Все значимые явления Екатеринбурга 90–х так или иначе апеллировали к теме плебса. Это и свердловский рок, и бум наивного искусства, и драматургия школы Николая Коляды, и поэт Борис Рыжий, и многие другие. Девяностые годы были временем «народного творчества», когда простые люди могли что–то создать или изменить: собрать свою банду, открыть свой бизнес, выбрать губернатора, организовать общественное движение. Простым людям, «плебсу», не была нужна своя культура, хватало шансона и боевиков по видаку, но художники Екатеринбурга работали в модусе плебса, осмысляя его внезапную значимость, и оказались общезначимы для нации, потому что плебс был не только в Екатеринбурге. Времена миновали, плебс усадили перед зомбоящиком, его тема сошла на нет, и его певцы уже мало кому интересны. Хотя они остались при уме и таланте.

— Вам хотелось когда–нибудь купить пистолет, как главному герою фильма Владимира Хотиненко «Макаров»? Вы вообще мистический человек? Верите, что оружие подавляет человека, а зеркало — мост в потусторонний мир?

— В мистику я не верю. Но знаю, что многие вещи реально подчиняют себе человека. Подавляют его. Это оружие, деньги, власть, тотальные успех и неуспех, Фейсбук. Фильм Хотиненко — наивное предостережение интеллигента начала «лихих 90–х» о том, что нельзя открывать ящик Пандоры. Конечно, нельзя, но иной раз он сам открывается. И противостоять подавлению или искушению можно только силой собственной личности. Как говорилось в СССР, «совесть — лучший контролер». Но в России ХХ века власть никогда не верила в человека, не давала ему прав и свобод и старалась оградить его от искушений. И в этом смысле право владеть собственным оружием — индикатор отношения к человеку. Лично мне бы хотелось купить пистолет. Не владеть пистолетом и наслаждаться своей властью над людьми, а купить и насладиться пониманием, что государство считает меня разумным гражданином, а не обезьяной, которой нельзя давать в руки гранату.

— Вы можете назвать себя «совком»? Для вас это слово с негативным оттенком или нет? Испытывали ли вы когда–нибудь ностальгию по советскому времени?

— Слово «совок», безусловно, негативное. А ностальгию по советскому времени я испытывал не раз. Однако ностальгия ностальгии рознь. Можно вспоминать свою молодость, но ты не выбирал, когда и где тебе родиться, и СССР здесь ни при чем. Можно сожалеть о стабильной, безопасной и понятной жизни, но эта ностальгия скорее в пику нынешнему порядку вещей. А можно наслаждаться эстетически выразительным культурным проектом, и это восхищение художника совершенством стиля.

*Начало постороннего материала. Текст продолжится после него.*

lemma (in group) exp_of_derived_antimono:
  assumes "subgroup S G" "m \<le> n"
  shows "(derived G ^^ n) S \<subseteq> (derived G ^^ m) S"
  using assms(2)
proof (induction n rule: dec_induct)
  case (step n)
  then show ?case
    using derived_incl[OF _ exp_of_derived_is_subgroup[OF assms(1)]] by fastforce
qed simp

lemma wreath_mult:
  "p \<otimes>\<^bsub>wreath A B\<^esub> q =
     (\<lambda>x\<in>carrier B. fst p x \<otimes>\<^bsub>A\<^esub> fst q (x \<otimes>\<^bsub>B\<^esub> snd p), snd p \<otimes>\<^bsub>B\<^esub> snd q)"
  by (cases p, cases q) (simp add: wreath_def)

lemma wreath_one: "\<one>\<^bsub>wreath A B\<^esub> = (\<lambda>x\<in>carrier B. \<one>\<^bsub>A\<^esub>, \<one>\<^bsub>B\<^esub>)"
  by (simp add: wreath_def)

lemma mem_carrier_wreath:
  "p \<in> carrier (wreath A B) \<longleftrightarrow> fst p \<in> carrier B \<rightarrow>\<^sub>E carrier A \<and> snd p \<in> carrier B"
  by (cases p) (simp add: wreath_def)

lemma group_wreath:
  assumes "group A" "group B"
  shows "group (wreath A B)"
proof -
  interpret A: group A by fact
  interpret B: group B by fact
  show ?thesis
  proof (rule groupI)
    fix p q assume "p \<in> carrier (wreath A B)" "q \<in> carrier (wreath A B)"
    then show "p \<otimes>\<^bsub>wreath A B\<^esub> q \<in> carrier (wreath A B)"
      by (auto simp: mem_carrier_wreath wreath_mult)
  next
    show "\<one>\<^bsub>wreath A B\<^esub> \<in> carrier (wreath A B)"
      by (simp add: mem_carrier_wreath wreath_one)
  next
    fix p q r
    assume "p \<in> carrier (wreath A B)" "q \<in> carrier (wreath A B)" "r \<in> carrier (wreath A B)"
    then show "p \<otimes>\<^bsub>wreath A B\<^esub> q \<otimes>\<^bsub>wreath A B\<^esub> r = p \<otimes>\<^bsub>wreath A B\<^esub> (q \<otimes>\<^bsub>wreath A B\<^esub> r)"
      by (auto simp: mem_carrier_wreath wreath_mult A.m_assoc B.m_assoc PiE_iff intro!: restrict_ext)
  next
    fix p assume "p \<in> carrier (wreath A B)"
    then show "\<one>\<^bsub>wreath A B\<^esub> \<otimes>\<^bsub>wreath A B\<^esub> p = p"
      by (cases p) (auto simp: mem_carrier_wreath wreath_mult wreath_one PiE_iff extensional_def fun_eq_iff)
  next
    fix p assume p: "p \<in> carrier (wreath A B)"
    show "\<exists>q\<in>carrier (wreath A B). q \<otimes>\<^bsub>wreath A B\<^esub> p = \<one>\<^bsub>wreath A B\<^esub>"
    proof (intro bexI)
      show "(\<lambda>x\<in>carrier B. inv\<^bsub>A\<^esub> fst p (x \<otimes>\<^bsub>B\<^esub> inv\<^bsub>B\<^esub> snd p), inv\<^bsub>B\<^esub> snd p)
              \<otimes>\<^bsub>wreath A B\<^esub> p = \<one>\<^bsub>wreath A B\<^esub>"
        using p by (auto simp: mem_carrier_wreath wreath_mult wreath_one PiE_iff B.m_assoc intro!: restrict_ext)
    qed (use p in \<open>auto simp: mem_carrier_wreath PiE_mem\<close>)
  qed
qed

Но по диктату партии, единомыслию, ограниченности картины мира и прочим прелестям СССР я никогда не ностальгировал.

— Алексей, а вам знаком «кризис среднего возраста»? Продуктивна ли для писателя депрессия? Можете ли писать, находясь в депрессивном состоянии?

— Этот кризис мне не знаком. Видимо, он совпал с тем моментом, когда меня начали публиковать. Я ведь 15 лет писал «в стол» без всякой надежды и вдруг в 33 года прорвался. Так что в моей жизни долгожданный успех аннулировал возрастную переоценку ценностей, вернее, эта переоценка произошла со знаком плюс. А депрессия вряд ли для кого–то может быть продуктивна. Но не путайте депрессию с плохим настроением. Лично я в депрессию не впадал и не знаю, как при ней работается, а подчиняться настроению — непрофессионально. Хирург должен хорошо удалять аппендицит и в дурном расположении духа. И писатель должен писать то, что нужно, в любом настроении.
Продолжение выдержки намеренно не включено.